Bedford Creek opened in 1978, a nine-hole public course in Sackets Harbor, New York, designed by Clyde W. Wehr. It measures 3,021 yards to a par of 36 from the blue tees, with a course rating of 35.0 and a slope of 113. By the numbers it is a modest, walkable parkland nine — but it sits a short drive from Black River Bay where Lake Ontario empties out, and that location, not the yardage, is what shapes the round.
Hole-by-Hole Wind & Playing Lines
Hole 4 (par-4 376y, the card's longest two-shotter). This is the stoutest hole by length on the scorecard. The prevailing summer wind in this corner of Jefferson County runs out of the west to southwest, and into it the 376 plays every inch. I'd take the fat side off the tee, then club up one on the approach instead of trying to muscle the listed number — into a steady breeze, the carry you lose is more than the yardage you read.
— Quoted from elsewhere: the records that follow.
(* Let $\mathcal{M}$ be an ergodic (not necessarily reversible) Markov chain on a finite state space $\Omega$ with stationary distribution $\pi$, and let $\mathcal{M}'$ be a reversible ergodic Markov chain on $\Omega$ with the same stationary distribution. Let $f$ be an $(\mathcal{M},\mathcal{M}')$-flow. Then for every $\varepsilon>0$ and $x\in\Omega$, $$\tau_x(\widetilde{\mathcal{M}},\varepsilon)\ \le\ \frac{A(f)}{2}\left[\tau\Big(\mathcal{M}',\frac{1}{2e}\Big)+1\right]\ln\left(\frac{1}{\varepsilon^2\pi(x)}\right).$$
   Context: A (discrete-time) Markov chain on a finite state space $\Omega$ with transition matrix $P$ is ergodic if irreducible and aperiodic; it then has a unique stationary distribution $\pi>0$; reversible means $\pi(x)P(x,y)=\pi(y)P(y,x)$. Variation distance: $\|\theta_1-\theta_2\|=\frac12\sum_i|\theta_1(i)-\theta_2(i)|$. Discrete mixing time: $\tau_x(\mathcal{M},\varepsilon)=\min\{t>0 \text{ integer}: \|P^{t'}(x,\cdot)-\pi\|\le\varepsilon \ \forall t'\ge t\}$, $\tau(\mathcal{M},\varepsilon)=\max_x\tau_x(\mathcal{M},\varepsilon)$. Continuization $\widetilde{\mathcal{M}}$: with $Q=P-I$, time-$t$ transition matrix $\exp(Qt)$; $\tau_x(\widetilde{\mathcal{M}},\varepsilon)=\inf\{t>0: \|v_x\exp(Qt')-\pi\|\le\varepsilon \ \forall \text{ real } t'\ge t\}$ ($v_x$ the unit row vector at $x$). Flows: Let $\mathcal{M}$ have transition matrix $P$ and stationary distribution $\pi$, and $\mathcal{M}'$ have transition matrix $P'$ and stationary distribution $\pi'$. Let $E^*(\mathcal{M})=\{(x,y): P(x,y)>0\}$ (pairs not necessarily distinct), similarly $E^*(\mathcal{M}')$. For $(x,y)\in E^*(\mathcal{M}')$, $\mathcal{P}_{x,y}$ is the set of paths $\gamma=(x=x_0,\dots,x_k=y)$ with each $(x_i,x_{i+1})\in E^*(\mathcal{M})$ and each $(z,w)\in E^*(\mathcal{M})$ appearing at most twice as a consecutive pair on $\gamma$; $|\gamma|=k$. $\mathcal{P}=\bigcup_{(x,y)\in E^*(\mathcal{M}')}\mathcal{P}_{x,y}$. An $(\mathcal{M},\mathcal{M}')$-flow is $f:\mathcal{P}\to[0,1]$ with $\sum_{\gamma\in\mathcal{P}_{x,y}}f(\gamma)=\pi'(x)P'(x,y)$ for all $(x,y)\in E^*(\mathcal{M}')$. With $r((z,w),\gamma)$ the number of times $(z,w)$ appears on $\gamma$, $A_{z,w}(f)=\frac{1}{\pi(z)P(z,w)}\sum_{\gamma:(z,w)\in\gamma}r((z,w),\gamma)|\gamma|f(\gamma)$ and $A(f)=\max_{(z,w)\in E^*(\mathcal{M})}A_{z,w}(f)$. *)

theory Defs
  imports "HOL-Analysis.Analysis"
begin

text \<open>State space: a finite type 'a (Omega = UNIV). Transition matrices are functions
  'a => 'a => real.\<close>

definition stochastic :: "('a::finite \<Rightarrow> 'a \<Rightarrow> real) \<Rightarrow> bool" where
  "stochastic P \<longleftrightarrow> (\<forall>x y. 0 \<le> P x y) \<and> (\<forall>x. (\<Sum>y\<in>UNIV. P x y) = 1)"

fun mpow :: "('a::finite \<Rightarrow> 'a \<Rightarrow> real) \<Rightarrow> nat \<Rightarrow> 'a \<Rightarrow> 'a \<Rightarrow> real" where
  "mpow P 0 x y = (if x = y then 1 else 0)"
| "mpow P (Suc n) x y = (\<Sum>z\<in>UNIV. mpow P n x z * P z y)"

definition irreducible_chain :: "('a::finite \<Rightarrow> 'a \<Rightarrow> real) \<Rightarrow> bool" where
  "irreducible_chain P \<longleftrightarrow> (\<forall>x y. \<exists>t. mpow P t x y > 0)"

definition aperiodic_chain :: "('a::finite \<Rightarrow> 'a \<Rightarrow> real) \<Rightarrow> bool" where
  "aperiodic_chain P \<longleftrightarrow> (\<forall>x. Gcd {t::nat. t \<ge> 1 \<and> mpow P t x x > 0} = 1)"

definition ergodic :: "('a::finite \<Rightarrow> 'a \<Rightarrow> real) \<Rightarrow> bool" where
  "ergodic P \<longleftrightarrow> stochastic P \<and> irreducible_chain P \<and> aperiodic_chain P"

definition stationary :: "('a::finite \<Rightarrow> 'a \<Rightarrow> real) \<Rightarrow> ('a \<Rightarrow> real) \<Rightarrow> bool" where
  "stationary P \<pi> \<longleftrightarrow> (\<forall>x. 0 \<le> \<pi> x) \<and> (\<Sum>x\<in>UNIV. \<pi> x) = 1 \<and>
     (\<forall>y. (\<Sum>x\<in>UNIV. \<pi> x * P x y) = \<pi> y)"

definition reversible :: "('a::finite \<Rightarrow> 'a \<Rightarrow> real) \<Rightarrow> ('a \<Rightarrow> real) \<Rightarrow> bool" where
  "reversible P \<pi> \<longleftrightarrow> (\<forall>x y. \<pi> x * P x y = \<pi> y * P y x)"

definition tvd :: "('a::finite \<Rightarrow> real) \<Rightarrow> ('a \<Rightarrow> real) \<Rightarrow> real" where
  "tvd \<mu> \<nu> = (1/2) * (\<Sum>i\<in>UNIV. \<bar>\<mu> i - \<nu> i\<bar>)"

definition mix_time_from :: "('a::finite \<Rightarrow> 'a \<Rightarrow> real) \<Rightarrow> ('a \<Rightarrow> real) \<Rightarrow> 'a \<Rightarrow> real \<Rightarrow> nat" where
  "mix_time_from P \<pi> x \<epsilon> =
     (LEAST t. t > 0 \<and> (\<forall>t'\<ge>t. tvd (mpow P t' x) \<pi> \<le> \<epsilon>))"

definition mix_time :: "('a::finite \<Rightarrow> 'a \<Rightarrow> real) \<Rightarrow> ('a \<Rightarrow> real) \<Rightarrow> real \<Rightarrow> nat" where
  "mix_time P \<pi> \<epsilon> = Max (range (\<lambda>x. mix_time_from P \<pi> x \<epsilon>))"
lemma Sp11_norms:
  assumes "(a, c, b, d) \<in> Sp11"
  shows "(norm a)\<^sup>2 = 1 + (norm b)\<^sup>2" and "(norm d)\<^sup>2 = 1 + (norm c)\<^sup>2" and "norm c < norm d"
proof -
  have "of_real ((norm a)\<^sup>2 - (norm b)\<^sup>2) = (of_real 1 :: quat)"
    "of_real ((norm c)\<^sup>2 - (norm d)\<^sup>2) = (of_real (- 1) :: quat)"
    using assms by (simp_all add: Sp11_iff qcnj_mult_self)
  then show "(norm a)\<^sup>2 = 1 + (norm b)\<^sup>2" and d: "(norm d)\<^sup>2 = 1 + (norm c)\<^sup>2"
    unfolding of_real_eq_iff by simp_all
  from d show "norm c < norm d"
    by (simp add: power_less_imp_less_base[of "norm c" 2 "norm d"])
qed

lemma classical_mobius_mult_right:
  "classical_mobius (a * u, c, b * u, d) q = classical_mobius (a, c, b, d) q * u"
  by (simp add: mult.assoc distrib_right)

lemma classical_mobius_scaleR:
  assumes "r \<noteq> 0"
  shows "classical_mobius (r *\<^sub>R A) = classical_mobius A"
proof -
  obtain a c b d where "A = (a, c, b, d)" by (cases A) auto
  with assms show ?thesis
    by (simp add: fun_eq_iff inverse_scaleR_distrib flip: scaleR_add_right)
qed

lemma Sp11_Reals_denominator:
  assumes "(a, of_real \<gamma>, b, of_real \<delta>) \<in> Sp11"
  shows "\<delta>\<^sup>2 = 1 + \<gamma>\<^sup>2" and "\<exists>u. norm u = 1 \<and> a = \<delta> *\<^sub>R u \<and> b = \<gamma> *\<^sub>R u"
proof -
  note norms = Sp11_norms[OF assms]
  show \<delta>: "\<delta>\<^sup>2 = 1 + \<gamma>\<^sup>2" using norms(2) by simp
  then have "\<delta> \<noteq> 0" by (auto simp: add_nonneg_eq_0_iff)
  have "\<gamma> *\<^sub>R a = \<delta> *\<^sub>R b"
    using assms by (simp add: Sp11_iff scaleR_conv_of_real qcnj_def quat_eq_iff)
  define u where "u = (1 / \<delta>) *\<^sub>R a"
  have a: "a = \<delta> *\<^sub>R u" using \<open>\<delta> \<noteq> 0\<close> by (simp add: u_def)
  have "b = (1 / \<delta>) *\<^sub>R (\<delta> *\<^sub>R b)" using \<open>\<delta> \<noteq> 0\<close> by simp
  then have b: "b = \<gamma> *\<^sub>R u"
    by (simp add: u_def flip: \<open>\<gamma> *\<^sub>R a = \<delta> *\<^sub>R b\<close>)
  have "\<delta>\<^sup>2 * (norm u)\<^sup>2 = 1 + \<gamma>\<^sup>2 * (norm u)\<^sup>2"
    using norms(1) by (simp add: a b power_mult_distrib)
  with \<delta> have "(norm u)\<^sup>2 = 1" by (simp add: algebra_simps)
  with a b show "\<exists>u. norm u = 1 \<and> a = \<delta> *\<^sub>R u \<and> b = \<gamma> *\<^sub>R u"
    using norm_ge_zero[of u] by (intro exI[of _ u]) (auto simp: power2_eq_1_iff)
qed

lemma classical_mobius_Hmat_form_if_Reals:
  assumes Sp: "(a, c, b, d) \<in> Sp11" and "c \<in> \<real>" "d \<in> \<real>"
  shows "\<exists>t u. norm u = 1 \<and>
    (\<forall>q. classical_mobius (a, c, b, d) q = classical_mobius (Hmat t) q * u)"
proof -
  obtain \<gamma> \<delta> where c: "c = of_real \<gamma>" and d: "d = of_real \<delta>"
    using assms(2,3) by (auto elim!: Reals_cases)
  note Sp' = Sp[unfolded c d]
  obtain u where u: "norm u = 1" "a = \<delta> *\<^sub>R u" "b = \<gamma> *\<^sub>R u"
    using Sp11_Reals_denominator(2)[OF Sp'] by blast
  have \<delta>: "\<delta>\<^sup>2 = 1 + \<gamma>\<^sup>2" by (rule Sp11_Reals_denominator(1)[OF Sp'])
  \<comment> \<open>rescaling by \<open>sgn \<delta>\<close> makes the diagonal entries \<open>cosh t > 0\<close> and does not change \<open>F\<^sub>A\<close>\<close>
  define \<sigma> where "\<sigma> = sgn \<delta>"
  define t where "t = arsinh (\<sigma> * \<gamma>)"
  have "\<sigma> \<noteq> 0" "\<sigma>\<^sup>2 = 1" using \<delta> by (auto simp: \<sigma>_def sgn_real_def add_nonneg_eq_0_iff)
  have "cosh t = sqrt (\<delta>\<^sup>2)"
    using \<open>\<sigma>\<^sup>2 = 1\<close> by (simp add: t_def cosh_arsinh_real \<delta> power_mult_distrib add.commute)
  then have "cosh t = \<sigma> * \<delta>" by (simp add: \<sigma>_def abs_sgn)
  then have "Hmat t = \<sigma> *\<^sub>R (of_real \<delta>, of_real \<gamma>, of_real \<gamma>, of_real \<delta>)"
    by (simp add: Hmat_def qof_real_eq_of_real t_def scaleR_conv_of_real)
  then have "classical_mobius (Hmat t) =
      classical_mobius (of_real \<delta>, of_real \<gamma>, of_real \<gamma>, of_real \<delta>)"
    using classical_mobius_scaleR[OF \<open>\<sigma> \<noteq> 0\<close>, of "(of_real \<delta>, of_real \<gamma>, of_real \<gamma>, of_real \<delta>)"]
    by simp
  moreover have "classical_mobius (a, c, b, d) q =
      classical_mobius (of_real \<delta>, of_real \<gamma>, of_real \<gamma>, of_real \<delta>) q * u" for q
    using classical_mobius_mult_right[of "of_real \<delta>" u "of_real \<gamma>" "of_real \<gamma>" "of_real \<delta>"]
    by (simp only: c d u(2,3) scaleR_conv_of_real)
  ultimately show ?thesis using u(1) by metis
qed

lemma classical_mobius_powser_coeffs:
  assumes cd: "norm c < norm d"
    and h: "\<forall>p. norm p < 1 \<longrightarrow> (\<lambda>n. p ^ n * h n) sums classical_mobius (a, c, b, d) p"
    and q: "norm q < 1"
  shows "star_prod (lin_coeffs (q * c) d) (\<lambda>n. q ^ n * h n) = lin_coeffs (q * a) b"
proof
  fix n
  let ?L = "star_prod (lin_coeffs (q * c) d) (\<lambda>n. q ^ n * h n)"
  let ?F = "classical_mobius (a, c, b, d)"
  have "(\<lambda>n. of_real t ^ n * (?L n - lin_coeffs (q * a) b n)) sums 0" if t: "\<bar>t\<bar> < 1" for t
  proof -
    define x :: quat where "x = of_real t"
    define p where "p = x * q"
    have "norm p < 1"
      using mult_strict_mono'[OF t q] by (simp add: p_def x_def norm_mult)
    have "p ^ n = t ^ n *\<^sub>R q ^ n" for n
      unfolding p_def x_def scaleR_conv_of_real[symmetric] by (rule scaleR_power)
    then have "p ^ n * h n = x ^ n * (q ^ n * h n)" for n
      by (simp add: x_def scaleR_conv_of_real mult.assoc)
    moreover have "(\<lambda>n. p ^ n * h n) sums ?F p"
      using h \<open>norm p < 1\<close> by blast
    ultimately have "(\<lambda>n. x ^ n * (q ^ n * h n)) sums ?F p"
      by simp
    then have "(\<lambda>n. x ^ n * ?L n) sums ((\<Sum>k\<le>1. x ^ k * lin_coeffs (q * c) d k) * ?F p)"
      by (rule star_prod_sums_left[OF _ lin_coeffs_vanish])
        (simp add: x_def Reals_mult_commute[of "of_real t"])
    also have "(\<Sum>k\<le>1. x ^ k * lin_coeffs (q * c) d k) = p * c + d"
      by (simp add: lin_coeffs_def p_def mult.assoc add.commute)
    also have "(p * c + d) * ?F p = p * a + b"
      using mobius_denominator_nonzero[OF cd, of p] \<open>norm p < 1\<close> by (simp flip: mult.assoc)
    finally have "(\<lambda>n. x ^ n * ?L n - x ^ n * lin_coeffs (q * a) b n) sums (p * a + b - (p * a + b))"
      using lin_coeffs_sums[of x "q * a" b]
      by (intro sums_diff) (simp_all add: p_def mult.assoc add.commute)
    then show ?thesis by (simp add: x_def right_diff_distrib)
  qed
  then have "?L n - lin_coeffs (q * a) b n = 0"
    by (intro quat_powser_eq_0[of 1]) auto
  then show "?L n = lin_coeffs (q * a) b n" by simp
qed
Hole 9 (par-3 184y, closing hole). The long one-shotter to finish each loop. From 184 most players are hitting hybrid or a long iron, and that is exactly the club a quartering NW wind off the bay punishes most. When the lake breeze is up, this is a two-club adjustment — play to the front-middle and take your three.
Hole 5 (par-5 482y). The only par-5 over 450 on the card and the clearest birdie chance if the wind is at your back from the west. Downwind it shrinks to a reachable two-shotter; into the wind it is a routine three-shot hole. Let the day's wind direction, not ego, decide whether you go for it.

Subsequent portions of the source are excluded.